— RECORDS SUPPLIED —

(* Let $\underline{\mathbb{G}}=(\mathbb{G},\mathcal{V},\omega_{\mathcal{V}},\mathcal{F},\omega_{\mathcal{F}})$ be a packaged ribbon graph and suppose its dual is $\underline{\mathbb{G}}^*=(\mathbb{G}^*,\mathcal{V}^*,\omega_{\mathcal{V}^*},\mathcal{F}^*,\omega_{\mathcal{F}^*})$. Then $q_\Gamma(\underline{\mathbb{G}}_\mathcal{V}) = p_\Gamma(\underline{\mathbb{G}}^*_{\mathcal{F}^*})$ and $p_\Gamma(\underline{\mathbb{G}}_{\mathcal{F}}) = q_\Gamma(\underline{\mathbb{G}}^*_{\mathcal{V}^*})$.
   Context: A packaged ribbon graph is a tuple $\underline{\mathbb{G}}=(\mathbb{G},\mathcal{V},\omega_{\mathcal{V}},\mathcal{F},\omega_{\mathcal{F}})$ where $\mathbb{G}=(V,E)$ is an orientable ribbon graph with set of boundary components $F$, $\mathcal{V}$ is a partition of $V$, $\mathcal{F}$ is a partition of $F$, and $\omega_{\mathcal{V}}:\mathcal{V}\to\mathbb{N}_0$, $\omega_{\mathcal{F}}:\mathcal{F}\to\mathbb{N}_0$ are weightings of the blocks. The dual $\underline{\mathbb{G}}^*$ has underlying ribbon graph the geometric dual $\mathbb{G}^*$; since vertices of $\mathbb{G}$ correspond to boundary components of $\mathbb{G}^*$ and boundary components of $\mathbb{G}$ correspond to vertices of $\mathbb{G}^*$, the vertex partition/weighting $\mathcal{V}^*,\omega_{\mathcal{V}^*}$ of $\underline{\mathbb{G}}^*$ is induced by $\mathcal{F},\omega_{\mathcal{F}}$, and the boundary partition/weighting $\mathcal{F}^*,\omega_{\mathcal{F}^*}$ is induced by $\mathcal{V},\omega_{\mathcal{V}}$. The packaging $G(\mathbb{G};\mathcal{V})$ is the graph with vertex set $\mathcal{V}$ (weighted by $\omega_{\mathcal{V}}$) and an edge $([u],[v])$ for each edge $(u,v)$ of $\mathbb{G}$, where $[v]$ denotes the block of $v$. For a subgraph $K$ of $G(\mathbb{G};\mathcal{V})$, $\mathbb{G}[K]$ is the ribbon subgraph of $\mathbb{G}$ consisting of all vertices of $\mathbb{G}$ lying in blocks that are vertices of $K$ and the edges of $\mathbb{G}$ corresponding to edges of $K$; $\omega_{\mathcal{V}}(K)=\sum_{[v]\in V(K)}\omega_{\mathcal{V}}([v])$. The packaging $G(\mathbb{G}^*;\mathcal{F})$ is defined analogously using $\mathbb{G}^*$ and the partition $\mathcal{F}$ of its vertices. Write $\underline{\mathbb{G}}_\mathcal{V}:=(\mathbb{G},\mathcal{V},\omega_{\mathcal{V}})$ and $\underline{\mathbb{G}}_\mathcal{F}:=(\mathbb{G},\mathcal{F},\omega_{\mathcal{F}})$. For a subgraph $K$ of $G(\mathbb{G};\mathcal{V})$, $\underline{\mathbb{G}}_\mathcal{V}[K]:=(\mathbb{G}[K],\mathcal{V}',\omega_{\mathcal{V}}')$ with $\mathcal{V}',\omega_{\mathcal{V}}'$ the restrictions of $\mathcal{V},\omega_{\mathcal{V}}$. For a subgraph $H$ of $G(\mathbb{G}^*;\mathcal{F})$, $\underline{\mathbb{G}}_\mathcal{F}[H]:=((\mathbb{G}^*[H])^*,\mathcal{F}',\omega_{\mathcal{F}}')$, where boundary components of $(\mathbb{G}^*[H])^*$ correspond naturally to boundary components of $\mathbb{G}$ and $\mathcal{F}',\omega_{\mathcal{F}}'$ are the restrictions of $\mathcal{F},\omega_{\mathcal{F}}$ under this correspondence. For $A\subseteq E$, $(\underline{\mathbb{G}}|A)_\mathcal{V}$ is $(\mathbb{G}|A,\mathcal{V},\omega_{\mathcal{V}})$ (deleting edges does not change the vertex partition or its weights), and $(\underline{\mathbb{G}}/A^c)_\mathcal{F}$ is $\mathbb{G}/A^c$ (contraction of the edges $A^c=E\setminus A$) with boundary partition and weights carried over from $\mathcal{F},\omega_{\mathcal{F}}$ via the natural correspondence between boundary components of $\mathbb{G}$ and of $\mathbb{G}/A^c$. Let $\Gamma$ be a finite group whose irreducible representations have dimensions $n_1,\dots,n_k$; $v,e,f$ denote numbers of vertices, edges and boundary components, and $\omega_{\mathcal{V}}(\mathbb{G})$, $\omega_{\mathcal{F}}(\mathbb{G})$ total block weights. If $G(\mathbb{G};\mathcal{V})$ is connected, $q_\Gamma^1(\underline{\mathbb{G}}_\mathcal{V}):=|\Gamma|^{e(\mathbb{G})-|\mathcal{V}|}\sum_{k} n_{k}^{f(\mathbb{G})-e(\mathbb{G})+|\mathcal{V}|-\omega_{\mathcal{V}}(\mathbb{G})}$; otherwise $q_\Gamma^1(\underline{\mathbb{G}}_\mathcal{V}):=\prod_{K} q_\Gamma^1(\underline{\mathbb{G}}_\mathcal{V}[K])$ over the connected components $K$ of $G(\mathbb{G};\mathcal{V})$; and $q_\Gamma(\underline{\mathbb{G}}_\mathcal{V}):=\sum_{A\subseteq E}(-1)^{|A^c|}q_\Gamma^1((\underline{\mathbb{G}}|A)_\mathcal{V})$. If $G(\mathbb{G}^*;\mathcal{F})$ is connected, $p_\Gamma^1(\underline{\mathbb{G}}_\mathcal{F}):=|\Gamma|^{e(\mathbb{G})-|\mathcal{F}|}\sum_{k} n_{k}^{v(\mathbb{G})-e(\mathbb{G})+|\mathcal{F}|-\omega_{\mathcal{F}}(\mathbb{G})}$; otherwise $p_\Gamma^1(\underline{\mathbb{G}}_\mathcal{F}):=\prod_{H} p_\Gamma^1(\underline{\mathbb{G}}_\mathcal{F}[H])$ over the connected components $H$ of $G(\mathbb{G}^*;\mathcal{F})$; and $p_\Gamma(\underline{\mathbb{G}}_\mathcal{F}):=\sum_{A\subseteq E}(-1)^{|A^c|}p_\Gamma^1((\underline{\mathbb{G}}/A^c)_\mathcal{F})$. *)

theory Defs
  imports Complex_Main "HOL-Combinatorics.Permutations" "HOL-Combinatorics.Orbits"
          "HOL-Library.Disjoint_Sets"
begin
text \<open>value f(z) for z in K_C[[x^(1/N)]], f of degree at most d\<close>
definition spoly_eval :: "nat \<Rightarrow> nat \<Rightarrow> ('k::comm_ring_1,'e::finite) spoly \<Rightarrow> ('k,'e) ser \<Rightarrow> ('k,'e) ser" where
  "spoly_eval N d f z = (\<lambda>p. \<Sum>k\<le>d. ser_mult (ser_embed N (f k)) (ser_pow z k) p)"

definition free_poly :: "(real^'e::finite) set \<Rightarrow> nat \<Rightarrow> ('k::comm_ring_1,'e::finite) spoly \<Rightarrow> bool" where
  "free_poly V N f \<longleftrightarrow> spoly_monic N f \<and> spoly_irreducible V f \<and>
     (\<exists>z. ser_in V N z \<and> spoly_eval N N f z = ser_zero)"

definition roots_of :: "(real^'e::finite) set \<Rightarrow> nat \<Rightarrow> ('k::comm_ring_1,'e::finite) spoly \<Rightarrow> ('k,'e) ser set" where
  "roots_of V n f = {z. ser_in V n z \<and> spoly_eval n n f z = ser_zero}"

definition additive_total_order :: "(int^'e::finite \<Rightarrow> int^'e \<Rightarrow> bool) \<Rightarrow> bool" where
  "additive_total_order le \<longleftrightarrow> (\<forall>a. le a a) \<and> (\<forall>a b. le a b \<and> le b a \<longrightarrow> a = b) \<and>
     (\<forall>a b c. le a b \<and> le b c \<longrightarrow> le a c) \<and> (\<forall>a b. le a b \<or> le b a) \<and>
     (\<forall>a b c. le a b \<longrightarrow> le (a + c) (b + c))"

definition compatible_order :: "(real^'e::finite) set \<Rightarrow> (int^'e::finite \<Rightarrow> int^'e \<Rightarrow> bool) \<Rightarrow> bool" where
  "compatible_order V le \<longleftrightarrow> (\<forall>p. in_cone V (realvec 1 p) \<longrightarrow> le 0 p)"

definition is_least_wrt :: "(int^'e::finite \<Rightarrow> int^'e \<Rightarrow> bool) \<Rightarrow> (int^'e) set \<Rightarrow> int^'e \<Rightarrow> bool" where
  "is_least_wrt le S p \<longleftrightarrow> p \<in> S \<and> (\<forall>q\<in>S. le p q)"

text \<open>characteristic exponents: m with m/n = O(y_i - y_j). For a series in K_C[[x^(1/n)]] written
 as sum a_p x^(p/n), O = p0/n where p0 is the le-least p with a_p \<noteq> 0 (clearing denominators),
 so m = p0.\<close>
definition char_exps :: "(real^'e::finite) set \<Rightarrow> (int^'e::finite \<Rightarrow> int^'e \<Rightarrow> bool) \<Rightarrow> nat \<Rightarrow> ('k::comm_ring_1,'e::finite) spoly \<Rightarrow> (int^'e) set" where
  "char_exps V le n f = {m. \<exists>y y'. y \<in> roots_of V n f \<and> y' \<in> roots_of V n f \<and> y \<noteq> y' \<and>
       is_least_wrt le {p. y p - y' p \<noteq> 0} m}"

text \<open>columns of the e x (e+i) matrix (n I_e, m_1^T, ..., m_i^T)\<close>
definition colv :: "nat \<Rightarrow> (nat \<Rightarrow> int^'e::finite) \<Rightarrow> 'e + nat \<Rightarrow> int^'e" where
  "colv n m c = (case c of Inl k \<Rightarrow> int n *s axis k 1 | Inr j \<Rightarrow> m j)"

— WHAT THE TASK ASKS —
State the number of lines above that hold the string "forall", with nothing added.

— ANSWER AREA —
5